BIOGRAPHY
The Lady Makes Boots: Enid Justin and the Nocona Boot Company
Carol A. Lipscomb
Texas Tech University Press
Hardcover, ISBN-13: 978-1682830950, 256 pgs.
November 1, 2021
“…for Enid it was not about titles or being a woman. It was more about getting things done. She was willing to put in the work necessary to achieve her goals, whether it was building boots or organizing a rodeo.”
Throughout her life and career as a bootmaker and founder of the Nocona Boot Company in Nocona, Texas, Enid Justin displayed fortitude, ingenuity, and generosity. The Justin name is synonymous with quality cowboy boots, but when Enid’s father, H. J. Justin, passed away in 1918, his sons eventually decided to move the company, H. J. Justin & Sons, to the apparently greener and much larger pastures of Fort Worth, Texas. Determined to keep her father’s legacy alive in the town he chose to build his company years earlier, Enid did the unthinkable and boldly took the male-dominated world of boot making by storm by digging in her heels and keeping boot making in Nocona, much to the town’s relief and delight. By her eightieth birthday in 1974, Enid was still going strong and had already turned the initial bank loan of $5,000 and small boot factory established in 1925 into a prosperous and quite expansive $7 million company. Even with the 1929 stock market crash, the Great Depression, and manufacturing restrictions during WWII, Nocona Boot Company not only survived but thrived and provided many Nocona residents with coveted employment and job security.
With thorough research and impressive prose, Lipscomb has formulated a compelling narrative of Enid’s life as a daughter, wife, sister, aunt, savvy businesswoman, and bootmaker extraordinaire. Enid not only knew how to make boots, which she learned at her father’s side, but she had quite the knack for public relations and the ability to promote the brand in Texas and beyond. While the true cowboy life and cattle drives were eventually relegated to history books and popular TV shows and movies, cowboy boots have remained in high demand for decades as both functional and fashionable footwear.
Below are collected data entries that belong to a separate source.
(* Let $g(\mathbf{x})=\pi\,\phi_1(\mathbf{x})+(1-\pi)\,\phi_2(\mathbf{x})$, $\mathbf{x}\in\mathbb{R}^D$, be a mixture of two multivariate normal densities $\phi_j(\mathbf{x})=\phi(\mathbf{x};\boldsymbol{\mu}_j,\Sigma_j)$. Then for $\alpha\in[0,1]$, $$\kappa(\alpha)=[p(\alpha)]^2\,[1-\alpha\bar\alpha\,p(\alpha)],$$ where $\bar\alpha=1-\alpha$ and $p(\alpha)=(\boldsymbol{\mu}_2-\boldsymbol{\mu}_1)'\Sigma_1^{-1}S_\alpha^{-1}\Sigma_2^{-1}S_\alpha^{-1}\Sigma_2^{-1}S_\alpha^{-1}\Sigma_1^{-1}(\boldsymbol{\mu}_2-\boldsymbol{\mu}_1)$.
   Context: $\phi(\mathbf{x};\boldsymbol{\mu},\Sigma)$ is the normal density with mean $\boldsymbol{\mu}$ and positive definite covariance $\Sigma$. $S_\alpha=\bar\alpha\Sigma_1^{-1}+\alpha\Sigma_2^{-1}$, and the ridgeline is $\mathbf{x}^*(\alpha)=S_\alpha^{-1}[\bar\alpha\Sigma_1^{-1}\boldsymbol{\mu}_1+\alpha\Sigma_2^{-1}\boldsymbol{\mu}_2]$. Write $\phi_j(\alpha)=\phi_j(\mathbf{x}^*(\alpha))$, with primes denoting derivatives in $\alpha$. The curvature function is $$\kappa(\alpha)=\frac{\phi_2''(\alpha)\phi_1'(\alpha)}{\phi_2(\alpha)\phi_1(\alpha)}-\frac{\phi_1''(\alpha)\phi_2'(\alpha)}{\phi_1(\alpha)\phi_2(\alpha)}.$$ *)

theory Defs
  imports "HOL-Analysis.Analysis"
begin

definition pos_def_mat :: "real^'n^'n \<Rightarrow> bool" where
  "pos_def_mat A \<longleftrightarrow> transpose A = A \<and> (\<forall>x. x \<noteq> 0 \<longrightarrow> x \<bullet> (A *v x) > 0)"

definition normal_density :: "real^'n \<Rightarrow> real^'n \<Rightarrow> real^'n^'n \<Rightarrow> real" where
  "normal_density x mu Sig =
     (2 * pi) powr (- real CARD('n) / 2) * (det Sig) powr (-1/2) *
     exp (- (1/2) * ((x - mu) \<bullet> (matrix_inv Sig *v (x - mu))))"

definition S_mat :: "real^'n^'n \<Rightarrow> real^'n^'n \<Rightarrow> real \<Rightarrow> real^'n^'n" where
  "S_mat Sig1 Sig2 a = (1 - a) *\<^sub>R matrix_inv Sig1 + a *\<^sub>R matrix_inv Sig2"

definition ridgeline :: "real^'n \<Rightarrow> real^'n^'n \<Rightarrow> real^'n \<Rightarrow> real^'n^'n \<Rightarrow> real \<Rightarrow> real^'n" where
  "ridgeline mu1 Sig1 mu2 Sig2 a =
     matrix_inv (S_mat Sig1 Sig2 a) *v
       ((1 - a) *\<^sub>R (matrix_inv Sig1 *v mu1) + a *\<^sub>R (matrix_inv Sig2 *v mu2))"

definition phi_ridge :: "real^'n \<Rightarrow> real^'n^'n \<Rightarrow> real^'n \<Rightarrow> real^'n^'n \<Rightarrow> real^'n \<Rightarrow> real^'n^'n \<Rightarrow> real \<Rightarrow> real" where
  "phi_ridge mu1 Sig1 mu2 Sig2 mu Sig a =
     normal_density (ridgeline mu1 Sig1 mu2 Sig2 a) mu Sig"

definition kappa :: "real^'n \<Rightarrow> real^'n^'n \<Rightarrow> real^'n \<Rightarrow> real^'n^'n \<Rightarrow> real \<Rightarrow> real" where
  "kappa mu1 Sig1 mu2 Sig2 a =
     (let f1 = phi_ridge mu1 Sig1 mu2 Sig2 mu1 Sig1;
          f2 = phi_ridge mu1 Sig1 mu2 Sig2 mu2 Sig2
      in deriv (deriv f2) a * deriv f1 a / (f2 a * f1 a)
         - deriv (deriv f1) a * deriv f2 a / (f1 a * f2 a))"

end

theory Submission
  imports Defs
begin

(* Write A = Sig1^-1, B = Sig2^-1, S = (1 - a) A + a B, d = mu2 - mu1 and h = B S^-1 A d.
   Since A S^-1 B = B S^-1 A, the ridgeline satisfies A (x* - mu1) = a h and
   B (x* - mu2) = -(1 - a) h, and it moves with velocity S^-1 h. Hence
   (log phi1)' = -a p and (log phi2)' = (1 - a) p with p = h . S^-1 h, which is the p of
   the statement. Differentiating once more, p' enters the two terms of kappa with
   cancelling coefficients, leaving p^2 (1 - a (1 - a) p). As a may be an endpoint of
   [0, 1], derivatives are taken where S is merely invertible, an open condition. *)

section \<open>Matrix inverses and positive definite matrices\<close>

lemma
  fixes M :: "'a::semiring_1^'n^'m"
  assumes "invertible M"
  shows matrix_inv_right: "M ** matrix_inv M = mat 1"
    and matrix_inv_left: "matrix_inv M ** M = mat 1"
proof -
  have "M ** matrix_inv M = mat 1 \<and> matrix_inv M ** M = mat 1"
    using assms unfolding invertible_def matrix_inv_def by (rule someI_ex)
  then show "M ** matrix_inv M = mat 1" "matrix_inv M ** M = mat 1" by auto
qed

lemma
  fixes M :: "'a::semiring_1^'n^'m"
  assumes "invertible M"
  shows matrix_inv_cancel_left: "M *v (matrix_inv M *v y) = y"
    and matrix_inv_cancel_right: "matrix_inv M *v (M *v x) = x"
  by (simp_all add: matrix_vector_mul_assoc matrix_inv_right matrix_inv_left assms)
Biographies are naturally fact based and filled with many anecdotes, and The Lady Makes Boots is no exception. The eight chapters and epilogue chronologically document each phase of Enid’s career and personal life. In fact, the line between work life and personal life for Enid was always blurred. The company was her life, and Enid loved making boots; loved her family, despite butting heads with most of them; loved Nocona, Texas; and absolutely loved her employees. Her foresight, head for business, and sincere benevolence have served both her and her business well. While change is always inevitable and often heartbreaking, Nocona remains a prominent western boot brand worldwide.
The overall structure of this biography is simple and succinct, with occasional photographs to tantalize the reader’s interest in such a fearless woman. Despite some bumps and small detours, Enid seems to have floated easily along her chosen trail; however, as Lipscomb points out in many of the chapters, Enid worked tirelessly and with enthusiasm every single day. She never passed up an opportunity to promote the Nocona brand, to give back to her community, and to keep the company employee-focused, quality-focused, and at the cutting edge of technology.
The Lady Makes Boots is a quick read because the content is remarkable and engaging. Through Lipscomb’s expert writing, readers interested in history will quickly become absorbed in Enid’s life and the Nocona Boot Company and may even feel compelled to purchase a pair of high-quality Nocona boots for themselves, if they haven’t already, honoring the legacy of a woman who was unafraid to fill her father’s boots and then construct her own unique path to success.
Carol A. Lipscomb earned a PhD in history while she, her husband, and their three sons lived in the small town of Nocona, Texas. Lipscomb studied the Nocona area and explored its Spanish Texas connection in collaboration with esteemed historian Robert S. Weddle on After the Massacre: The Violent Legacy of the San Sabá Mission. Living in Nocona also led Lipscomb to the improbable story of Enid Justin and her Nocona Boot Company, a story she researched exhaustively. An independent historian, Lipscomb currently lives in Fort Worth.